Sie haben es mit schwierigen, gefühlsbetonten Fällen zu tun. Eine Familie zerbricht, das ist nicht einfach, es ist schwer, in solchen Situationen cool zu bleiben. Wie gehen Sie damit um?

– Natürlich bin ich ein lebendiger Mensch, und ich bin auch emotional beteiligt. Aber ich muss Abstand halten, meine Hauptaufgabe ist es, die Fakten und Umstände zu studieren, um eine Position zu bilden. Wenn ich zu sehr involviert bin und mich einfühle, kann ich meine Hauptaufgabe nicht erfüllen. Die Fähigkeit, einen Fall mit ein wenig Abstand zu betrachten, das Gesamtbild zu sehen, ohne Details zu übersehen, kommt mit der Erfahrung.

Was die Kinder betrifft. In den postsowjetischen Ländern bleiben Scheidungskinder oft bei ihren Müttern, während hierzulande häufig ein 50/50-Modell praktiziert wird, d. h. das Kind verbringt die Hälfte der Zeit beim Vater und die andere Hälfte bei der Mutter. Warum gibt es Ihrer Meinung nach einen solchen Unterschied in der Herangehensweise?

– Hier wollen die Väter an der Erziehung ihrer Kinder teilhaben und den Kontakt zu ihnen aufrechterhalten. Es wird angenommen, dass sich die Beziehung der Eltern zu ihren Kindern nicht ändern sollte, wenn sie sich getrennt haben – Kinder haben immer noch eine Mutter und einen Vater. Beide Elternteile treffen Entscheidungen im Leben des Kindes, bis es 18 Jahre alt wird.

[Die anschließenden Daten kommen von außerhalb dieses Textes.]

lemma coset_weq: "weq x y \<Longrightarrow> coset_n x = coset_n y"
  using coset_eqI[of x y "[]"] by simp

lemma act_vert_coset:
  assumes "h \<in> lists Sn" "c \<in> lists Sn" shows "act_n h (coset_n c) = coset_n (h @ c)"
proof
  show "act_n h (coset_n c) \<subseteq> coset_n (h @ c)"
  proof
    fix z assume "z \<in> act_n h (coset_n c)"
    then obtain w u where w: "w \<in> lists Sn" "z = cls_n (h @ w)" "u \<in> lists Sprev" "cls_n w = cls_n (c @ u)"
      by (auto simp: act_vert_def coset_def)
    then have "weq (h @ w) (h @ (c @ u))"
      using cox_eq_append_left[OF cox_eq.sym[OF weq_if_cls_eq]] assms(1) by blast
    then have "z = cls_n ((h @ c) @ u)" using w(2) cls_eqI[of "h @ w"] by simp
    with w(3) show "z \<in> coset_n (h @ c)" unfolding coset_def by blast
  qed
next
  show "coset_n (h @ c) \<subseteq> act_n h (coset_n c)"
  proof
    fix z assume "z \<in> coset_n (h @ c)"
    then obtain u where u: "u \<in> lists Sprev" "z = cls_n ((h @ c) @ u)" by (auto simp: coset_def)
    then have "c @ u \<in> lists Sn" "cls_n (c @ u) \<in> coset_n c"
      using assms lists_Sprev_subset by (auto simp: coset_def)
    with u(2) show "z \<in> act_n h (coset_n c)" unfolding act_vert_def by fastforce
  qed
qed

lemma coset_append_cancel:
  assumes "coset_n (h @ x) = coset_n (h @ y)" "h \<in> lists Sn" "x \<in> lists Sn" "y \<in> lists Sn"
  shows "coset_n x = coset_n y"
proof -
  have cancel: "coset_n (rev h @ h @ z) = coset_n z" if "z \<in> lists Sn" for z
    using coset_weq[OF cox_eq_append_right[OF cox_eq_rev_append_cancel[OF assms(2)] that]] by simp
  have "coset_n (rev h @ h @ x) = coset_n (rev h @ h @ y)"
    using act_vert_coset[of "rev h" "h @ x"] act_vert_coset[of "rev h" "h @ y"] assms
    by (simp add: lists_eq_set)
  with cancel assms(3,4) show ?thesis by simp
qed

section \<open>The complex C^n and its barycentric subdivision\<close>

definition tail :: "nat \<Rightarrow> ('a + nat) list" where
  "tail i = map sgen [i..<Suc n]"

lemma tail_in_lists: "1 \<le> i \<Longrightarrow> tail i \<in> lists Sn"
  by (auto simp: tail_def intro!: sgen_in_Sn)

lemma tail_Cons: "i \<le> n \<Longrightarrow> tail i = sgen i # tail (Suc i)"
  by (simp add: tail_def upt_conv_Cons del: upt_Suc)

lemma sgen_commute_past:
  assumes "1 \<le> j" "j \<le> n" "\<And>l. l \<in> set ls \<Longrightarrow> 1 \<le> l \<and> l \<le> n \<and> (Suc l < j \<or> Suc j < l)"
  shows "weq (sgen j # map sgen ls) (map sgen ls @ [sgen j])"
proof (rule cox_eq_commute_past)
  show "sgen j \<in> Sn" using assms(1,2) by (rule sgen_in_Sn)
  show "map sgen ls \<in> lists Sn" using assms(3) by (auto intro!: sgen_in_Sn)
  fix t assume "t \<in> set (map sgen ls)"
  then obtain l where "t = sgen l" "1 \<le> l" "l \<le> n" "Suc l < j \<or> Suc j < l"
    using assms(3) by auto
  with assms(1) show "t \<noteq> sgen j \<and> mn (sgen j) t = 2"
    using sgen_inject[of l j] mn_sgen[of j l] by auto
qed

lemma sgen_Cons_tail_below:
  assumes "1 \<le> i" "i < j" "j \<le> n"
  shows "weq (sgen j # tail i) (tail i @ [sgen (j - 1)])"
proof -
  define pre where "pre = map sgen [i..<j - 1]"
  define post where "post = tail (Suc j)"
  have j1: "1 \<le> j - 1" "j - 1 \<le> n" "Suc (j - 1) = j" using assms by auto
  have pre: "pre \<in> lists Sn"
    unfolding pre_def using assms by (auto intro!: sgen_in_Sn simp: less_diff_conv)
  have post: "post \<in> lists Sn"
    unfolding post_def by (simp add: tail_in_lists)
  have sj: "sgen j \<in> Sn" and sj1: "sgen (j - 1) \<in> Sn"
    using assms j1 by (auto intro: sgen_in_Sn)
  have split: "tail i = pre @ [sgen (j - 1), sgen j] @ post"
  proof -
    have "[i..<Suc n] = [i..<j - 1] @ [j - 1..<Suc n]"
      using assms upt_add_eq_append[of i "j - 1" "Suc n - (j - 1)"] by simp
    also have "[j - 1..<Suc n] = (j - 1) # j # [Suc j..<Suc n]"
      using assms j1 by (metis le_imp_less_Suc upt_conv_Cons)
    finally show ?thesis by (simp add: tail_def pre_def post_def)
  qed
  have "weq (sgen j # pre) (pre @ [sgen j])"
    unfolding pre_def using assms by (intro sgen_commute_past) (auto simp: less_diff_conv)
  then have "weq ((sgen j # pre) @ [sgen (j - 1), sgen j] @ post) ((pre @ [sgen j]) @ [sgen (j - 1), sgen j] @ post)"
    using sj sj1 post by (intro cox_eq_append_right) auto
  also have "weq \<dots> (pre @ [sgen (j - 1), sgen j, sgen (j - 1)] @ post)"
  proof -
    have "mn (sgen j) (sgen (j - 1)) = 3" using mn_sgen[of j "j - 1"] assms j1 by auto
    then have "weq [sgen j, sgen (j - 1), sgen j] [sgen (j - 1), sgen j, sgen (j - 1)]"
      using cox_eq_braid3[OF sj sj1] assms j1 sgen_inject[of j "j - 1"] by auto
    from cox_eq_append_context[OF this pre post] show ?thesis by simp
  qed
  also have "weq \<dots> ((pre @ [sgen (j - 1), sgen j]) @ (post @ [sgen (j - 1)]))"
  proof -
    have "weq (sgen (j - 1) # post) (post @ [sgen (j - 1)])"
      unfolding post_def tail_def using j1 by (intro sgen_commute_past) auto
    from cox_eq_append_left[OF this, of "pre @ [sgen (j - 1), sgen j]"] pre sj sj1 show ?thesis by simp
  qed
  finally show ?thesis unfolding split by simp
qed

lemma sgen_Cons_tail:
  assumes "1 \<le> j" "j \<le> n" "1 \<le> i" "i \<le> Suc n"
  shows "\<exists>u\<in>lists Sprev. weq (sgen j # tail i) (tail (transpose j (Suc j) i) @ u)"
proof -
  have sj: "sgen j \<in> Sn" using assms(1,2) by (rule sgen_in_Sn)
  consider "i = Suc j" | "i = j" | "Suc j < i" | "i < j" by linarith
  then show ?thesis
  proof cases
    case 1
    then have "sgen j # tail i = tail (transpose j (Suc j) i)" using assms by (simp add: tail_Cons)
    moreover have "weq (tail j) (tail j)" using tail_in_lists[OF assms(1)] by (rule cox_eq.refl)
    ultimately show ?thesis using 1 by (intro bexI[of _ "[]"]) auto
  next
    case 2
    have "weq ([] @ [sgen j, sgen j] @ tail (Suc j)) ([] @ tail (Suc j))"
      using sj tail_in_lists[of "Suc j"] by (intro cox_eq.sq) auto
    with 2 assms show ?thesis by (intro bexI[of _ "[]"]) (auto simp: tail_Cons)
  next
    case 3
    then have "weq (sgen j # tail i) (tail i @ [sgen j])"
      unfolding tail_def using assms by (intro sgen_commute_past) auto
    moreover have "sgen j \<in> Sprev" using 3 assms by (intro sgen_in_Sprev) auto
    ultimately show ?thesis using 3 by (intro bexI[of _ "[sgen j]"]) auto
  next
    case 4
    moreover have "sgen (j - 1) \<in> Sprev" using 4 assms by (intro sgen_in_Sprev) auto
    ultimately show ?thesis
      using sgen_Cons_tail_below[of i j] assms by (intro bexI[of _ "[sgen (j - 1)]"]) auto
  qed
qed

definition vertex :: "('a + nat) list \<Rightarrow> nat \<Rightarrow> ('a + nat) list set set" where
  "vertex c i = coset_n (c @ tail i)"

lemma vertex_snoc_sgen:
  assumes "c \<in> lists Sn" "1 \<le> j" "j \<le> n" "1 \<le> i" "i \<le> Suc n"
  shows "vertex (c @ [sgen j]) i = vertex c (transpose j (Suc j) i)"
proof -
  obtain u where u: "u \<in> lists Sprev" "weq (sgen j # tail i) (tail (transpose j (Suc j) i) @ u)"
    using sgen_Cons_tail assms(2-5) by blast
  then have "weq ((c @ [sgen j]) @ tail i) ((c @ tail (transpose j (Suc j) i)) @ u)"
    using cox_eq_append_left[OF u(2) assms(1)] by simp
  then show ?thesis unfolding vertex_def using u(1) by (rule coset_eqI)
qed

lemma vertex_adj_perm:
  "set h \<subseteq> {1..n} \<Longrightarrow> c \<in> lists Sn \<Longrightarrow> i \<in> {1..Suc n} \<Longrightarrow>
    vertex (c @ map sgen h) i = vertex c (adj_perm h i)"
proof (induction h arbitrary: c)
  case (Cons j h)
  then have "vertex (c @ map sgen (j # h)) i = vertex (c @ [sgen j]) (adj_perm h i)"
    using Cons.IH[of "c @ [sgen j]"] sgen_in_Sn[of j] by simp
  also have "\<dots> = vertex c (adj_perm (j # h) i)"
    using Cons.prems adj_perm_in_range[of h n i] by (simp add: vertex_snoc_sgen)
  finally show ?case .
qed simp

lemma vertex_weq: "weq c c' \<Longrightarrow> 1 \<le> i \<Longrightarrow> vertex c i = vertex c' i"
  unfolding vertex_def using coset_weq cox_eq_append_right tail_in_lists by blast

lemma act_vert_vertex:
  "h \<in> lists Sn \<Longrightarrow> c \<in> lists Sn \<Longrightarrow> 1 \<le> i \<Longrightarrow> act_n h (vertex c i) = vertex (h @ c) i"
  unfolding vertex_def using act_vert_coset tail_in_lists by simp

lemma coset_sgen_last_ne: assumes "1 \<le> n" shows "coset_n [sgen n] \<noteq> coset_n []"
proof
  assume "coset_n [sgen n] = coset_n []"
  moreover have "cls_n [sgen n] \<in> coset_n [sgen n]" unfolding coset_def by force
  ultimately obtain w where "w \<in> lists Sprev" "cls_n [sgen n] = cls_n w"
    unfolding coset_def by auto
  then have "weq w [sgen n]" using sgen_in_Sn[OF assms order.refl] by (simp add: weq_if_cls_eq)
  with sgen_last_not_weq_Sprev[OF assms \<open>w \<in> lists Sprev\<close>] show False
    using cox_eq.sym by blast
qed

lemma inj_on_vertex: assumes c: "c \<in> lists Sn" shows "inj_on (vertex c) {1..Suc n}"
proof
  fix a b assume a: "a \<in> {1..Suc n}" and b: "b \<in> {1..Suc n}" and eq: "vertex c a = vertex c b"
  show "a = b"
  proof (rule ccontr)
    assume "a \<noteq> b"
    then have n: "1 \<le> n" using a b by auto
    \<comment> \<open>move a and b to positions n and n + 1, where the vertices differ by s_n only\<close>
    define a' where "a' = transpose b (Suc n) a"
    define p where "p = transpose b (Suc n) \<circ> transpose a' n"
    have "a' \<in> {1..Suc n}" "a' \<noteq> Suc n" using a b \<open>a \<noteq> b\<close> by (auto simp: a'_def transpose_def)
    then have "p permutes {1..Suc n}"
      unfolding p_def using b n by (intro permutes_compose permutes_swap_id) auto
    then obtain h where h: "set h \<subseteq> {1..n}" "adj_perm h = p"
      using permutes_eq_adj_perm by blast
    have "p n = a" "p (Suc n) = b" using \<open>a' \<noteq> Suc n\<close> by (simp_all add: p_def a'_def)
    define c' where "c' = c @ map sgen h"
    have "\<forall>x\<in>set h. 1 \<le> x \<and> x \<le> n" using h(1) by auto
    then have c': "c' \<in> lists Sn" using c by (auto simp: c'_def intro!: sgen_in_Sn)
    have "vertex c' n = vertex c' (Suc n)"
      using vertex_adj_perm[OF h(1) c, of n] vertex_adj_perm[OF h(1) c, of "Suc n"] n eq h(2)
        \<open>p n = a\<close> \<open>p (Suc n) = b\<close> by (simp add: c'_def)
    then have "coset_n (c' @ [sgen n]) = coset_n (c' @ [])"
      by (simp add: vertex_def tail_def)
    then have "coset_n [sgen n] = coset_n []"
      by (rule coset_append_cancel[OF _ c']) (simp_all add: sgen_in_Sn[OF n order.refl])
    with coset_sgen_last_ne[OF n] show False ..
  qed
qed

abbreviation "simplex \<equiv> csimplex V s1 M n"
abbreviation "complex \<equiv> Cn V s1 M n"

lemma simplex_eq_image_vertex: "simplex c k = vertex c ` {n - k + 1..n + 1}"
proof -
  have "coset_n (c @ map sgen [i..<n + 1]) = vertex c i" for i by (simp add: vertex_def tail_def)
  then show ?thesis unfolding csimplex_def by auto
qed

lemma simplex_adj_perm:
  assumes "set h \<subseteq> {1..n}" "c \<in> lists Sn"
  shows "simplex (c @ map sgen h) k = vertex c ` adj_perm h ` {n - k + 1..n + 1}"
  unfolding simplex_eq_image_vertex image_image
  using vertex_adj_perm[OF assms] by (intro image_cong) auto

lemma complex_memE:
  assumes "C \<in> complex"
  obtains c k where "c \<in> lists Sn" "k \<le> n" "C = simplex c k"
  using assms unfolding Cn_def by blast

lemma complex_mem_nonempty: "C \<in> complex \<Longrightarrow> C \<noteq> {}"
  by (erule complex_memE) (auto simp: simplex_eq_image_vertex)

definition full_flag :: "('a + nat) list \<Rightarrow> ('a + nat) list set set set set" where
  "full_flag c = simplex c ` {..n}"

lemma sd_subset_full_flag:
  assumes F: "F \<in> sd complex" shows "\<exists>c'\<in>lists Sn. F \<subseteq> full_flag c'"
proof -
  have F: "F \<noteq> {}" "finite F" "F \<subseteq> complex" "chain\<^sub>\<subseteq> F"
    using F by (auto simp: sd_def chain_subset_def)
  \<comment> \<open>all members of the chain are faces of its largest member, the simplex of some c\<close>
  have "\<Union>F \<in> F"
    using Union_in_chain[OF F(2,1), of UNIV] F(4) by (auto simp: subset.chain_def chain_subset_def)
  then obtain c k where c: "c \<in> lists Sn" "k \<le> n" "\<Union>F = simplex c k"
    using F(3) complex_memE by blast
  have "C \<noteq> {} \<and> C \<subseteq> vertex c ` {1..Suc n}" if "C \<in> F" for C
  proof -
    have "C \<subseteq> simplex c k" using that c(3) by auto
    with complex_mem_nonempty[of C] that F(3) show ?thesis
      by (auto simp: simplex_eq_image_vertex)
  qed
  then obtain p where p: "p permutes {1..Suc n}"
    and C_p: "\<forall>C\<in>F. \<exists>m<Suc n. C = vertex c ` p ` {Suc n - m..Suc n}"
    using chain_of_images_suffix_permutation[OF _ F(4)] by meson
  obtain h where h: "set h \<subseteq> {1..n}" "adj_perm h = p" using permutes_eq_adj_perm[OF p] by blast
  define c' where "c' = c @ map sgen h"
  have "\<forall>x\<in>set h. 1 \<le> x \<and> x \<le> n" using h(1) by auto
  then have c': "c' \<in> lists Sn" using c(1) by (auto simp: c'_def intro!: sgen_in_Sn)
  have "C \<in> full_flag c'" if C: "C \<in> F" for C
  proof -
    obtain m where "m < Suc n" "C = vertex c ` p ` {Suc n - m..Suc n}" using C_p C by blast
    moreover have "simplex c' m = vertex c ` p ` {Suc n - m..Suc n}"
      using simplex_adj_perm[OF h(1) c(1), of m] h(2) \<open>m < Suc n\<close> by (simp add: c'_def Suc_diff_le)
    ultimately show ?thesis unfolding full_flag_def by (metis atMost_iff image_eqI less_Suc_eq_le)
  qed
  with c' show ?thesis by blast
qed

lemma full_flag_in_sd: assumes "c \<in> lists Sn" shows "full_flag c \<in> sd complex"
proof -
  have "simplex c k \<subseteq> simplex c k'" if "k \<le> k'" for k k'
    unfolding simplex_eq_image_vertex using that by (intro image_mono) auto
  then have "simplex c k \<subseteq> simplex c k' \<or> simplex c k' \<subseteq> simplex c k" for k k'
    by (cases "k \<le> k'") auto
  with assms show ?thesis unfolding sd_def full_flag_def Cn_def by blast
qed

Sie praktizieren seit 16 Jahren, haben Hunderte von Fällen bearbeitet, hatten Hunderte von Mandanten. Heute haben die Menschen Zugang zu verschiedenen Quellen, thematischen Gruppen in sozialen Netzwerken, Youtube-Videos. Sind die Menschen juristisch geschulter geworden? Kommen die Mandanten besser vorbereitet zu Ihnen?

– Diese Frage kann ich nicht bejahen. Was das Familien- und Strafrecht anbelangt, so ist der einfache Zugang zu Informationsquellen nicht immer positiv. Es gibt viele unzuverlässige Informationen im Internet, und selbst wenn sie zuverlässig sind, bleibt die Frage nach dem richtigen Verständnis. Außerdem ist jeder Fall, der eine Familie betrifft, eine besondere Situation, deren Analyse ich als Schmuckarbeit bezeichnen würde – es gibt so viele verschiedene Punkte, die berücksichtigt werden müssen.

Herzlichen Dank für das Interview! Das nächste Mal werden wir ausführlich über die Rechte von Kindern und ihre Situation im Falle einer Trennung der Eltern sprechen.